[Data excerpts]

----------------------------------------

(* Let $G$ be a finite abelian group, $T \subsetneq G$ a non-empty subset, and fix $x \in G$ with $T + x \ne T$. Put $T^{\uparrow} = T + x$, $C^{\uparrow} = T^{\uparrow}\setminus T$, $C^{\downarrow} = T \setminus T^{\uparrow}$ and $A = T \cup T^{\uparrow}$. Let $d \ge 1$ and suppose that $0 \le i_1, \dots, i_m \le d$ are distinct integers. Then $\left(A^d \setminus (C_{i_1,d}\cup\dots\cup C_{i_m,d})\right)^{\dagger m}$ is a hole in $A^{d+m}$.
   Context: For integers $1 \le i \le e$, $C_{i,e} = C^{\downarrow}\times\dots\times C^{\uparrow}\times\dots\times C^{\downarrow} \subset A^e$ ($e$ factors, $C^{\uparrow}$ in the $i$-th factor, $C^{\downarrow}$ elsewhere), and $C_{0,e} = (C^{\downarrow})^e$. A copy of $T$ in $G^e$ is a translate $\mathsf{T}_j + y$ ($y\in G^e$, $1\le j\le e$), where $\mathsf{T}_j$ is the set of points of $G^e$ with $j$-th coordinate in $T$ and other coordinates $0$; a set is $T$-tilable if it is a disjoint union of copies of $T$. A set $X \subset A^e$ is a hole in $A^e$ if $A^e \setminus X$ is $T$-tilable. For $X \subset A^e$, define $X^{\dagger} = (X \times C^{\downarrow}) \cup C_{e+1,e+1} \subset A^{e+1}$, and for $m \ge 1$ let $X^{\dagger m}$ be the result of $m$ consecutive applications of $\dagger$ (each in the dimension of the current ambient set), a subset of $A^{e+m}$. *)

theory Defs
  imports Main
begin

text \<open>G is an abelian group type 'a (finite); points of G^e are lists of length e;
  coordinate k (1-based) of the paper is list index k-1.\<close>

definition Tup :: "'a::ab_group_add set \<Rightarrow> 'a \<Rightarrow> 'a set" where
  "Tup T x = (\<lambda>t. t + x) ` T"

definition Cup :: "'a::ab_group_add set \<Rightarrow> 'a \<Rightarrow> 'a set" where
  "Cup T x = Tup T x - T"

definition Cdown :: "'a::ab_group_add set \<Rightarrow> 'a \<Rightarrow> 'a set" where
  "Cdown T x = T - Tup T x"

definition Aset :: "'a::ab_group_add set \<Rightarrow> 'a \<Rightarrow> 'a set" where
  "Aset T x = T \<union> Tup T x"

definition cpow :: "'a set \<Rightarrow> nat \<Rightarrow> 'a list set" where
  "cpow S e = {xs. length xs = e \<and> set xs \<subseteq> S}"

text \<open>C_{i,e}: C^up in the i-th factor (1-based), C^down elsewhere; i = 0 gives (C^down)^e.\<close>
definition Cset :: "'a::ab_group_add set \<Rightarrow> 'a \<Rightarrow> nat \<Rightarrow> nat \<Rightarrow> 'a list set" where
  "Cset T x i e = {xs. length xs = e \<and>
     (\<forall>k<e. xs ! k \<in> (if k + 1 = i then Cup T x else Cdown T x))}"

definition Tcoord :: "'a::ab_group_add set \<Rightarrow> nat \<Rightarrow> nat \<Rightarrow> 'a list set" where
  "Tcoord T e j = {xs. length xs = e \<and> xs ! (j - 1) \<in> T \<and>
     (\<forall>k<e. k \<noteq> j - 1 \<longrightarrow> xs ! k = 0)}"

definition translate :: "'a::ab_group_add list set \<Rightarrow> 'a list \<Rightarrow> 'a list set" where
  "translate S y = (\<lambda>z. map2 (+) z y) ` S"

definition copies :: "'a::ab_group_add set \<Rightarrow> nat \<Rightarrow> 'a list set set" where
  "copies T e = {translate (Tcoord T e j) y | j y. 1 \<le> j \<and> j \<le> e \<and> length y = e}"

definition tilable :: "'a::ab_group_add set \<Rightarrow> nat \<Rightarrow> 'a list set \<Rightarrow> bool" where
  "tilable T e X \<longleftrightarrow> (\<exists>P. P \<subseteq> copies T e \<and> pairwise disjnt P \<and> \<Union>P = X)"

definition hole :: "'a::ab_group_add set \<Rightarrow> 'a \<Rightarrow> nat \<Rightarrow> 'a list set \<Rightarrow> bool" where
  "hole T x e X \<longleftrightarrow> X \<subseteq> cpow (Aset T x) e \<and> tilable T e (cpow (Aset T x) e - X)"

definition dagger :: "'a::ab_group_add set \<Rightarrow> 'a \<Rightarrow> nat \<Rightarrow> 'a list set \<Rightarrow> 'a list set" where
  "dagger T x e X = {xs @ [c] | xs c. xs \<in> X \<and> c \<in> Cdown T x} \<union> Cset T x (e + 1) (e + 1)"

fun dagger_pow :: "'a::ab_group_add set \<Rightarrow> 'a \<Rightarrow> nat \<Rightarrow> nat \<Rightarrow> 'a list set \<Rightarrow> 'a list set" where
  "dagger_pow T x 0 e X = X"
| "dagger_pow T x (Suc m) e X = dagger T x (e + m) (dagger_pow T x m e X)"

end

theory Submission
  imports Defs
begin

text \<open>
  Split a point of \<open>A^(e+1)\<close> into its first \<open>e\<close> coordinates and its last one. Since \<open>A\<close> is
  the disjoint union of \<open>C\<^sup>\<down>\<close> and \<open>T\<^sup>\<up>\<close>, the complement of \<open>X\<^sup>\<dagger>\<close> in \<open>A^(e+1)\<close> is
  \<open>(A^e - X) \<times> C\<^sup>\<down>\<close> together with a set \<open>R\<close> that does not depend on \<open>X\<close>. For every
  \<open>i \<le> e\<close> the set \<open>C_{i,e+1} \<union> R\<close> is tiled explicitly by copies of \<open>T\<close> along the last
  coordinate and along coordinate \<open>i\<close>. Hence if \<open>A^e - X\<close> is a tilable set together with
  disjoint blocks \<open>C_{i,e}\<close>, \<open>i \<in> I\<close>, then \<open>A^(e+1) - X\<^sup>\<dagger>\<close> is a tilable set together with
  the blocks \<open>C_{i,e+1}\<close> for all but one \<open>i \<in> I\<close>: each application of \<open>\<dagger>\<close> absorbs one
  block, and after \<open>|I|\<close> applications the whole complement is tilable.
\<close>

lemma tilable_empty: "tilable T e {}"
  unfolding tilable_def by (intro exI[of _ "{}"]) auto
lemma catalan_Suc: "catalan (Suc m) = (\<Sum>j\<le>m. catalan j * catalan (m - j))"
proof -
  define g where "g k = ((1/2 :: real) gchoose k) * (-4) ^ k" for k
  have "(\<Sum>k\<le>m + 2. g k * g (m + 2 - k)) = (-4) ^ (m + 2) * ((1/2 + 1/2) gchoose (m + 2))"
    unfolding gbinomial_Vandermonde[symmetric] g_def atLeast0AtMost sum_distrib_left
    by (intro sum.cong refl) (auto simp: power_add[symmetric])
  also have "\<dots> = 0"
    using binomial_gbinomial[of 1 "m + 2", where 'a=real] by simp
  finally have vanish: "(\<Sum>k\<le>m + 2. g k * g (m + 2 - k)) = 0" .
  have g_Suc: "g (Suc k) = -2 * catalan k" for k
    unfolding g_def by (rule gbinomial_half_Suc)
  have "(\<Sum>k\<le>m + 2. g k * g (m + 2 - k)) = 2 * g (Suc (Suc m)) + (\<Sum>j\<le>m. g (Suc j) * g (Suc (m - j)))"
    unfolding numeral_2_eq_2 add_Suc_right add_0_right
    by (subst sum.atMost_Suc_shift) (simp add: Suc_diff_le g_def)
  also have "\<dots> = -4 * catalan (Suc m) + 4 * (\<Sum>j\<le>m. catalan j * catalan (m - j))"
    by (simp only: g_Suc) (simp add: sum_distrib_left)
  finally have "real (catalan (Suc m)) = (\<Sum>j\<le>m. real (catalan j) * real (catalan (m - j)))"
    using vanish by simp
  then show ?thesis
    unfolding of_nat_mult[symmetric] of_nat_sum[symmetric] of_nat_eq_iff .
qed

definition self_describing_seqs :: "nat \<Rightarrow> nat list set" where
  "self_describing_seqs m = {a. length a = m \<and> self_describing a}"

lemma self_describing_nth_le:
  assumes "self_describing a" "i < length a"
  shows "a ! i \<le> i"
proof -
  have "a ! i = card {j. j < i \<and> a ! j < a ! i}"
    using assms unfolding self_describing_def by simp
  also have "\<dots> \<le> card {..<i}"
    by (intro card_mono) auto
  finally show ?thesis by simp
qed

lemma self_describing_set_lessThan: "self_describing a \<Longrightarrow> set a \<subseteq> {..<length a}"
  by (auto simp: in_set_conv_nth) (meson le_less_trans self_describing_nth_le)

lemma finite_self_describing_seqs: "finite (self_describing_seqs m)"
proof (rule finite_subset)
  show "self_describing_seqs m \<subseteq> {a. set a \<subseteq> {..<m} \<and> length a = m}"
    unfolding self_describing_seqs_def using self_describing_set_lessThan by auto
  show "finite {a. set a \<subseteq> {..<m} \<and> length a = m}"
    by (rule finite_lists_length_eq) simp
qed

lemma self_describing_seqs_0: "self_describing_seqs 0 = {[]}"
  unfolding self_describing_seqs_def self_describing_def by auto

definition glue :: "nat list \<Rightarrow> nat list \<Rightarrow> nat list" where
  "glue s t = s @ map (\<lambda>x. length s + x) t @ [length s]"

lemma length_glue [simp]: "length (glue s t) = length s + length t + 1"
  by (simp add: glue_def)

lemma nth_glue_left: "i < length s \<Longrightarrow> glue s t ! i = s ! i"
  by (simp add: glue_def nth_append)

lemma nth_glue_middle: "k < length t \<Longrightarrow> glue s t ! (length s + k) = length s + t ! k"
  by (simp add: glue_def nth_append)

lemma nth_glue_last: "glue s t ! (length s + length t) = length s"
  by (simp add: glue_def nth_append)

lemma glue_smaller_before_left:
  "i < length s \<Longrightarrow> {j. j < i \<and> glue s t ! j < glue s t ! i} = {j. j < i \<and> s ! j < s ! i}"
  by (auto simp: nth_glue_left)

lemma glue_smaller_before_middle:
  assumes "set s \<subseteq> {..<length s}" "k < length t"
  shows "{j. j < length s + k \<and> glue s t ! j < glue s t ! (length s + k)}
       = {..<length s} \<union> (\<lambda>j. length s + j) ` {j. j < k \<and> t ! j < t ! k}"
proof -
  have "s ! j < length s + t ! k" if "j < length s" for j
    using assms(1) nth_mem[OF that] by fastforce
  moreover have "j \<in> (\<lambda>j. length s + j) ` {j. j < k \<and> t ! j < t ! k}"
    if "length s \<le> j" "j < length s + k" "t ! (j - length s) < t ! k" for j
    using that by (auto simp: image_iff intro!: exI[of _ "j - length s"])
  ultimately show ?thesis
    using assms(2) by (auto simp: glue_def nth_append) (meson not_less)+
qed

lemma glue_smaller_before_last:
  assumes "set s \<subseteq> {..<length s}"
  shows "{j. j < length s + length t \<and> glue s t ! j < glue s t ! (length s + length t)} = {..<length s}"
  using assms by (auto simp: glue_def nth_append dest: nth_mem)

lemma self_describing_glue_iff:
  "self_describing (glue s t) \<longleftrightarrow> self_describing s \<and> self_describing t"
proof -
  let ?g = "glue s t" and ?r = "length s"
  let ?P = "\<lambda>i. card {j. j < i \<and> ?g ! j < ?g ! i} = ?g ! i"
  have left: "(\<forall>i < ?r. ?P i) \<longleftrightarrow> self_describing s"
    unfolding self_describing_def by (simp add: glue_smaller_before_left) (simp add: nth_glue_left)
  show ?thesis
  proof (cases "self_describing s")
    case False
    then show ?thesis
      using left unfolding self_describing_def[of ?g] length_glue all_less_add_Suc_iff by blast
  next
    case True
    then have s_bound: "set s \<subseteq> {..<length s}"
      by (rule self_describing_set_lessThan)
    have "?P (?r + k) \<longleftrightarrow> card {j. j < k \<and> t ! j < t ! k} = t ! k" if "k < length t" for k
    proof -
      have "card {j. j < ?r + k \<and> ?g ! j < ?g ! (?r + k)} = ?r + card {j. j < k \<and> t ! j < t ! k}"
        unfolding glue_smaller_before_middle[OF s_bound that]
        by (subst card_Un_disjoint) (auto simp: card_image)
      then show ?thesis
        by (simp add: nth_glue_middle that)
    qed
    then have middle: "(\<forall>k < length t. ?P (?r + k)) \<longleftrightarrow> self_describing t"
      unfolding self_describing_def by simp
    have last: "?P (?r + length t)"
      unfolding glue_smaller_before_last[OF s_bound] by (simp add: nth_glue_last)
    show ?thesis
      unfolding self_describing_def[of ?g] length_glue all_less_add_Suc_iff
      using left middle last True by blast
  qed
qed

----------------------------------------

* **WORK INSTRUCTIONS**: If a line in the records above contains "Cset", copy that line.

* **EXPECTED ANSWER**:
definition Cset :: "'a::ab_group_add set \<Rightarrow> 'a \<Rightarrow> nat \<Rightarrow> nat \<Rightarrow> 'a list set" where
  "Cset T x i e = {xs. length xs = e \<and>
  "dagger T x e X = {xs @ [c] | xs c. xs \<in> X \<and> c \<in> Cdown T x} \<union> Cset T x (e + 1) (e + 1)"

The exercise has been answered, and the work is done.